- [WHAT TO DO] Below is a block of entries; repeat exactly the lines starting at the line that contains "text \<open>Free coordinates" and ending at the line that contains "real) \<Rightarrow> nat set", both included.
·····
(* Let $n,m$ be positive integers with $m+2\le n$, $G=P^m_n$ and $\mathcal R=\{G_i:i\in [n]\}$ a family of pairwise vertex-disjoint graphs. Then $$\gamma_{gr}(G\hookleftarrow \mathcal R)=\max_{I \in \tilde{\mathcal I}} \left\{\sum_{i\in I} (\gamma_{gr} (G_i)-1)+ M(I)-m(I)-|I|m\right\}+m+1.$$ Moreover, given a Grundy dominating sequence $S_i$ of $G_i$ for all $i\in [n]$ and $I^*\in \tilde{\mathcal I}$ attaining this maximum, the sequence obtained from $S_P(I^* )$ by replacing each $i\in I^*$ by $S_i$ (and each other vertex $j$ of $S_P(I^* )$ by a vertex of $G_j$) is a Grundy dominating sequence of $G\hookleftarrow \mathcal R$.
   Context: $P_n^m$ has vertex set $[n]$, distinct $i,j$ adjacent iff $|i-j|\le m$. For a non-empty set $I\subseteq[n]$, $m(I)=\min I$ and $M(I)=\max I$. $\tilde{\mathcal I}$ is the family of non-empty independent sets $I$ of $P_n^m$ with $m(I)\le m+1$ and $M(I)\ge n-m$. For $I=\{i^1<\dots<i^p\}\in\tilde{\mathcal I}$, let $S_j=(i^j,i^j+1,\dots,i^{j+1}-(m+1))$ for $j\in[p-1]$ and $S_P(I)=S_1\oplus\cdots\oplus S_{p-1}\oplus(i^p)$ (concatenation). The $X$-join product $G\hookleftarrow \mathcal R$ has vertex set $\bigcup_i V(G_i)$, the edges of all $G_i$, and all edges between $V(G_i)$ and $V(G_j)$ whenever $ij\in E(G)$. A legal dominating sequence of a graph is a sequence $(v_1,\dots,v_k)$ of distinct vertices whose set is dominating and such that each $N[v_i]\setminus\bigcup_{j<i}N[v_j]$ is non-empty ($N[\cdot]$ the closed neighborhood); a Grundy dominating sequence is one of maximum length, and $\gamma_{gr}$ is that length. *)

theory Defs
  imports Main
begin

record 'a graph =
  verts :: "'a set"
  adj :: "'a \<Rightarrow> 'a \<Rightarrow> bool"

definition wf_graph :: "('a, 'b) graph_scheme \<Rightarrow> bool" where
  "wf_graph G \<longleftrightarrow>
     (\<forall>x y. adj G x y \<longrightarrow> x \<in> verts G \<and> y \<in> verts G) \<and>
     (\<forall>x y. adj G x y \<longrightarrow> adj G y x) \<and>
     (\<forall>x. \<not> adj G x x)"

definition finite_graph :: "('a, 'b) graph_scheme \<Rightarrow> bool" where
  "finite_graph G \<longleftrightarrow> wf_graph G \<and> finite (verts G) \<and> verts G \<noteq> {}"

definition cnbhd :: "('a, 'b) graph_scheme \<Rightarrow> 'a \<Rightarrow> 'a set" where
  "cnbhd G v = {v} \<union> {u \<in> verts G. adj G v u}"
·····
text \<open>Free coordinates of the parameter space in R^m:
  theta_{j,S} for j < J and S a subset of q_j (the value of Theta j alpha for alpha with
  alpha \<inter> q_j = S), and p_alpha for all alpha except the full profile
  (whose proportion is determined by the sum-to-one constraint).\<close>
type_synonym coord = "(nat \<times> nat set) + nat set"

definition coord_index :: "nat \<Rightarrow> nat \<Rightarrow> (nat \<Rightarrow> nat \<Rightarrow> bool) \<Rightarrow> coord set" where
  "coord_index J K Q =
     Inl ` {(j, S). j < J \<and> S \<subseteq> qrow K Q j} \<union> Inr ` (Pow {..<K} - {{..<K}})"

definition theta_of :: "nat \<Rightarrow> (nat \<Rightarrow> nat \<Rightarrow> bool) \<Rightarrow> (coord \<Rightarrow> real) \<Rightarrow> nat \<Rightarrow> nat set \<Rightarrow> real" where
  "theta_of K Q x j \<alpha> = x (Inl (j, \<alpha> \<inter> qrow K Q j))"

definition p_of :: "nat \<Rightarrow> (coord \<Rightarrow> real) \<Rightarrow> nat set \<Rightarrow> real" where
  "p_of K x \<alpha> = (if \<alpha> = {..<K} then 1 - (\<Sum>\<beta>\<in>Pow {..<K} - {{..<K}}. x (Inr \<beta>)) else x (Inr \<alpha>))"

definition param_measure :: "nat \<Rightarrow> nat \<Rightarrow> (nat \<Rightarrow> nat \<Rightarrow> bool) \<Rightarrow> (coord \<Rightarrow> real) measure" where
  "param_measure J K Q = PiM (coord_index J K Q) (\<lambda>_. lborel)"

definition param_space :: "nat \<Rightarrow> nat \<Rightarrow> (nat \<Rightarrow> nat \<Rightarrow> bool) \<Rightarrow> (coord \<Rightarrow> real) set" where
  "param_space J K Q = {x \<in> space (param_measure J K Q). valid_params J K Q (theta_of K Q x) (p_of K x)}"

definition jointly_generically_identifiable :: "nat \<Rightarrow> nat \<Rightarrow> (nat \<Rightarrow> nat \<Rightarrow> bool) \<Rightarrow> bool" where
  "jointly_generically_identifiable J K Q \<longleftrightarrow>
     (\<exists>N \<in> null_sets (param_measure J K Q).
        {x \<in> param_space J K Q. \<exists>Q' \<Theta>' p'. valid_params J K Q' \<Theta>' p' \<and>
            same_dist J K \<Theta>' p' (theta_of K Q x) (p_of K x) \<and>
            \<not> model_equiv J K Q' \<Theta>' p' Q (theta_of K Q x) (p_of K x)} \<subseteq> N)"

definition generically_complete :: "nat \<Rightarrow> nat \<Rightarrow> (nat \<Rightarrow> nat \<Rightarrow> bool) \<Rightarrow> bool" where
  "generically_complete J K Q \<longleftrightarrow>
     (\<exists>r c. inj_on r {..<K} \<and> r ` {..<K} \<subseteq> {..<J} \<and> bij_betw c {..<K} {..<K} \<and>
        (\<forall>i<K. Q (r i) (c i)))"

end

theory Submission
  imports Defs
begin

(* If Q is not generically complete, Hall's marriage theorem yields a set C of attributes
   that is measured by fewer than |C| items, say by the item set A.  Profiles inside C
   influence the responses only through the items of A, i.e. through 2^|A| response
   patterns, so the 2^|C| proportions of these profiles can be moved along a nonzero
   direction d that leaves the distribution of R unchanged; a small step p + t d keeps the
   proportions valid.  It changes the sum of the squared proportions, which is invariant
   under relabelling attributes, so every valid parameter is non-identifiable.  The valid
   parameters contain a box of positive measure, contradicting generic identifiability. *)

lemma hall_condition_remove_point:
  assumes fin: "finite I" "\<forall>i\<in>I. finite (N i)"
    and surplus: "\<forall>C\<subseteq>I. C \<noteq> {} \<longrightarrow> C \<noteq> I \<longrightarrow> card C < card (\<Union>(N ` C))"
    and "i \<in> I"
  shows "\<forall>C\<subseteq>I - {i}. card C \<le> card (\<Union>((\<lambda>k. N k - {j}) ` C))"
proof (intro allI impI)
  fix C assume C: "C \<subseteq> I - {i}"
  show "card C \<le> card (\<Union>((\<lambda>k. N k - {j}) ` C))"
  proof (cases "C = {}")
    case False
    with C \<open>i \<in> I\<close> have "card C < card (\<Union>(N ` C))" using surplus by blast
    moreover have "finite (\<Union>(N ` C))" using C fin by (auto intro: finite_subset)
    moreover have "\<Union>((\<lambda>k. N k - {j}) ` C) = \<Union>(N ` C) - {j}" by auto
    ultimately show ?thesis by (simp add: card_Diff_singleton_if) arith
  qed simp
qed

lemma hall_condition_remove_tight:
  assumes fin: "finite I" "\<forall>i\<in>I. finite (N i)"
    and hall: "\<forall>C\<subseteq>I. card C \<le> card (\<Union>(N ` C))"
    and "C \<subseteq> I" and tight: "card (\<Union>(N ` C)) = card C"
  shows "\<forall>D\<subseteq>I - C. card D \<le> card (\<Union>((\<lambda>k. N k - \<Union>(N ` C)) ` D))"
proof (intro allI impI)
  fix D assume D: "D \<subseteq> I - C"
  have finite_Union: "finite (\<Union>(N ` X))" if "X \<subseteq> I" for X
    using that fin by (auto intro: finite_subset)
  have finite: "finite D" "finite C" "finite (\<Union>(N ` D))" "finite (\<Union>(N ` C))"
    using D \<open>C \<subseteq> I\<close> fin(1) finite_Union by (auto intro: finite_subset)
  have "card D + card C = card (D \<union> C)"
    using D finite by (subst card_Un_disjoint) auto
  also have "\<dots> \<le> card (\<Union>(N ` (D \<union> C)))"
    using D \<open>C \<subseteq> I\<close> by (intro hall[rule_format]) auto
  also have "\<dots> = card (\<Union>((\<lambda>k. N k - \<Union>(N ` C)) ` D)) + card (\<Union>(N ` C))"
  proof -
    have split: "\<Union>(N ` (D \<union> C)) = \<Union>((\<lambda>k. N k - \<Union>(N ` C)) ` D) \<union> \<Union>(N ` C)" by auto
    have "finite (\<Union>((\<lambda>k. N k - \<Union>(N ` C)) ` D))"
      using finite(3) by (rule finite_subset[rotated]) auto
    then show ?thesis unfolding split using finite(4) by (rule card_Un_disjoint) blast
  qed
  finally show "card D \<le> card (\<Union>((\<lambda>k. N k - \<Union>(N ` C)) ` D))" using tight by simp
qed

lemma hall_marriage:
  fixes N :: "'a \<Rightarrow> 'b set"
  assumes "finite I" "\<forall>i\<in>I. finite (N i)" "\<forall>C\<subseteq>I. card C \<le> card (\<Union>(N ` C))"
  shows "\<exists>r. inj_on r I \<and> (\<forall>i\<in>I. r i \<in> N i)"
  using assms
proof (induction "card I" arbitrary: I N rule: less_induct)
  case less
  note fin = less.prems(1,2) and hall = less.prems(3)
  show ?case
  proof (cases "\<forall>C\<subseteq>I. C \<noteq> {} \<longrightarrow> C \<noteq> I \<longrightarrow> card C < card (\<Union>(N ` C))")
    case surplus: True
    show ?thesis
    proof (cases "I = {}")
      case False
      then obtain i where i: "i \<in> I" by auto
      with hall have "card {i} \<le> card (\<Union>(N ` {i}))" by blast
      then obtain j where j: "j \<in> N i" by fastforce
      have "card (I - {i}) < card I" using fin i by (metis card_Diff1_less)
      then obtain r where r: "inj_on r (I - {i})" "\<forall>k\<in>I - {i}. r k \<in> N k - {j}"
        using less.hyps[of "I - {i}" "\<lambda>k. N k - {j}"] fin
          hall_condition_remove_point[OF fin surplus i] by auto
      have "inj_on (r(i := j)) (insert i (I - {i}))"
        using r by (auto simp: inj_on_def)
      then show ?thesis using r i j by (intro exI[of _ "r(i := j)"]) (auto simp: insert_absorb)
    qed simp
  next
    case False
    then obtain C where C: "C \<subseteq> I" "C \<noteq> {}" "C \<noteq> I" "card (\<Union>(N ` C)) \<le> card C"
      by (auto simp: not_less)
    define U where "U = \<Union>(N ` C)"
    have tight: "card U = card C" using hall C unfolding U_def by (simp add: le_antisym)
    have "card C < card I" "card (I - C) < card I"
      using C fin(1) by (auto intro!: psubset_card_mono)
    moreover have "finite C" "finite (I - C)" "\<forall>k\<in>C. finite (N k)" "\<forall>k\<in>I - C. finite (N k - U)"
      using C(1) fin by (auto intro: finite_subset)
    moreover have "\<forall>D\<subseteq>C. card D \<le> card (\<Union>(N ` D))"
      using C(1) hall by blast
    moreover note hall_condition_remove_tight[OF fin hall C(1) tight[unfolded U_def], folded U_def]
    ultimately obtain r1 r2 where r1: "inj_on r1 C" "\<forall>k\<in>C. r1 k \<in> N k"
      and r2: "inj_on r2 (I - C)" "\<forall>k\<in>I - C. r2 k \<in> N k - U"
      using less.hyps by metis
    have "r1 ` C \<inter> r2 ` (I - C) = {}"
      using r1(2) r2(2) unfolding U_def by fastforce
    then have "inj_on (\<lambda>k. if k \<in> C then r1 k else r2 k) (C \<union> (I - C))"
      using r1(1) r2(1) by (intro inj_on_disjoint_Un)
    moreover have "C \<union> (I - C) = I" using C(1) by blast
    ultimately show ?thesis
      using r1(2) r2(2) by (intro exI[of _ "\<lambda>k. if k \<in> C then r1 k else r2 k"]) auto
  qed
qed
·····
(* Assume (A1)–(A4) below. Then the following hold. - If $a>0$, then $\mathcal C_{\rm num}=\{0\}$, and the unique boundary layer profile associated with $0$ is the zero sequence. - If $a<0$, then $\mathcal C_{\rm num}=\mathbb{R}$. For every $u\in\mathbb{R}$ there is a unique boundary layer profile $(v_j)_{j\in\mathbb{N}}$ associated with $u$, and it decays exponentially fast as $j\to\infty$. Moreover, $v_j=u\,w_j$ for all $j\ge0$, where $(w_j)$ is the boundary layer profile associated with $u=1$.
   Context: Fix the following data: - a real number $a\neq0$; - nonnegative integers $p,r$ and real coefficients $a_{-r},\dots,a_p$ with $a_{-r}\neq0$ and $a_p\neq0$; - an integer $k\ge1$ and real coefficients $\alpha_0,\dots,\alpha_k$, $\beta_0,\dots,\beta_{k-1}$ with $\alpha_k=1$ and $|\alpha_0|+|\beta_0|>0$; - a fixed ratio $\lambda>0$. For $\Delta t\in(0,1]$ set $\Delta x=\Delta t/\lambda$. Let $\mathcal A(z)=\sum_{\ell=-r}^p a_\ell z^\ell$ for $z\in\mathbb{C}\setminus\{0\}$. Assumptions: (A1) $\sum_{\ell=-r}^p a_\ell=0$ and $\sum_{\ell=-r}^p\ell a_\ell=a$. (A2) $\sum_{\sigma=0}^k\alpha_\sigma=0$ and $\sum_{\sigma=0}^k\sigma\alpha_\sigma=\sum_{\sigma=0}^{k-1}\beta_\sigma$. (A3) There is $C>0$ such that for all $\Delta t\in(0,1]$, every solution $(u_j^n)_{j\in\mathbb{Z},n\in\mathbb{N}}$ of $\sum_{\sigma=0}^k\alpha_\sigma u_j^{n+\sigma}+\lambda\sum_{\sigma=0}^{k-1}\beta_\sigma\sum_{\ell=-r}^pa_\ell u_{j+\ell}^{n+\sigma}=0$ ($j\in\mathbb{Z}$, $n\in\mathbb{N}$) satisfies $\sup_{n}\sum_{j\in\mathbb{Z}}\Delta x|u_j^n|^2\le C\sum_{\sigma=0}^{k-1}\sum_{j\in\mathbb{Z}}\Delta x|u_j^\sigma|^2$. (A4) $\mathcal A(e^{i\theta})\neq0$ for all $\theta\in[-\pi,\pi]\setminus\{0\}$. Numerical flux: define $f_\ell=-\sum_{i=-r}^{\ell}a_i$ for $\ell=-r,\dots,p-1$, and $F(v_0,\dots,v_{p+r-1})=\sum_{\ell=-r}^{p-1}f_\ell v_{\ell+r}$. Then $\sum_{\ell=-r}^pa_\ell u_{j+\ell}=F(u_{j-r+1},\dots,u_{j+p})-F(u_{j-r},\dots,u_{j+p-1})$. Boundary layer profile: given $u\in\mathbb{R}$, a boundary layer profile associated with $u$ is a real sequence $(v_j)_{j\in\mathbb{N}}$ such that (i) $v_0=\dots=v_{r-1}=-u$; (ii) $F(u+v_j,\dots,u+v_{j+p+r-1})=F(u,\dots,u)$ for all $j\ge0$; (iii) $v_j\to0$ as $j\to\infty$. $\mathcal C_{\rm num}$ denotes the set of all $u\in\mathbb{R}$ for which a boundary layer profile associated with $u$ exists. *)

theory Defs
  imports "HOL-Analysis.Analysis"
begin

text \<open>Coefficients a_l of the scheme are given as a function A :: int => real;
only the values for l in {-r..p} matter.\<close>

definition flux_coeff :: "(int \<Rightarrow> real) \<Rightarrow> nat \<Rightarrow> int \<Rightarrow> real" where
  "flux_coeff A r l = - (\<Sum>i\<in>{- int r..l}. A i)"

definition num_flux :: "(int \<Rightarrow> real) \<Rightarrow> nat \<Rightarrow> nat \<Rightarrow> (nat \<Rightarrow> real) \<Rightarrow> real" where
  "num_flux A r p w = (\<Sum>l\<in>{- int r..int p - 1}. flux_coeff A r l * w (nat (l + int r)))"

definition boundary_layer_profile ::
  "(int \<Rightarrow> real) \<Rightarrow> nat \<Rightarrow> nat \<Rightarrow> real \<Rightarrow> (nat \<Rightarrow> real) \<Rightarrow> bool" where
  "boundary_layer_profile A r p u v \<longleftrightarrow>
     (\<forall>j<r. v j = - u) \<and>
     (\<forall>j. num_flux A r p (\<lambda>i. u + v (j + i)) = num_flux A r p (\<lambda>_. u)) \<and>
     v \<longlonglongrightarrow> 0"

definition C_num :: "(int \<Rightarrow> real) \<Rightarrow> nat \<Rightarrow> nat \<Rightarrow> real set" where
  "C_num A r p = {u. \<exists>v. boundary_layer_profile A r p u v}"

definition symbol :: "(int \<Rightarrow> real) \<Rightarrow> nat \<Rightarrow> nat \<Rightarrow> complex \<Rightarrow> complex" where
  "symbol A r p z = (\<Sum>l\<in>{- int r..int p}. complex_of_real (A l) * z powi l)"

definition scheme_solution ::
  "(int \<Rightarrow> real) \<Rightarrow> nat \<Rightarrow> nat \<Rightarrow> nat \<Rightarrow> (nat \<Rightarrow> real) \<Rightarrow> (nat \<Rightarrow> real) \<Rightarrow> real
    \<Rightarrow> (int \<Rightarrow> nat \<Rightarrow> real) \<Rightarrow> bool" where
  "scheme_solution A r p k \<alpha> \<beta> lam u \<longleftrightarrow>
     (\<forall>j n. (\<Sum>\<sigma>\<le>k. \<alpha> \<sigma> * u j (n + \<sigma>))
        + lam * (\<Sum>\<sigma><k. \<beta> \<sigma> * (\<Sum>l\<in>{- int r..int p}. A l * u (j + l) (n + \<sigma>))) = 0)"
·····
- [TASK OUTPUT]
text \<open>Free coordinates of the parameter space in R^m:
  theta_{j,S} for j < J and S a subset of q_j (the value of Theta j alpha for alpha with
  alpha \<inter> q_j = S), and p_alpha for all alpha except the full profile
  (whose proportion is determined by the sum-to-one constraint).\<close>
type_synonym coord = "(nat \<times> nat set) + nat set"

definition coord_index :: "nat \<Rightarrow> nat \<Rightarrow> (nat \<Rightarrow> nat \<Rightarrow> bool) \<Rightarrow> coord set" where
  "coord_index J K Q =
     Inl ` {(j, S). j < J \<and> S \<subseteq> qrow K Q j} \<union> Inr ` (Pow {..<K} - {{..<K}})"

definition theta_of :: "nat \<Rightarrow> (nat \<Rightarrow> nat \<Rightarrow> bool) \<Rightarrow> (coord \<Rightarrow> real) \<Rightarrow> nat \<Rightarrow> nat set \<Rightarrow> real" where
  "theta_of K Q x j \<alpha> = x (Inl (j, \<alpha> \<inter> qrow K Q j))"

definition p_of :: "nat \<Rightarrow> (coord \<Rightarrow> real) \<Rightarrow> nat set \<Rightarrow> real" where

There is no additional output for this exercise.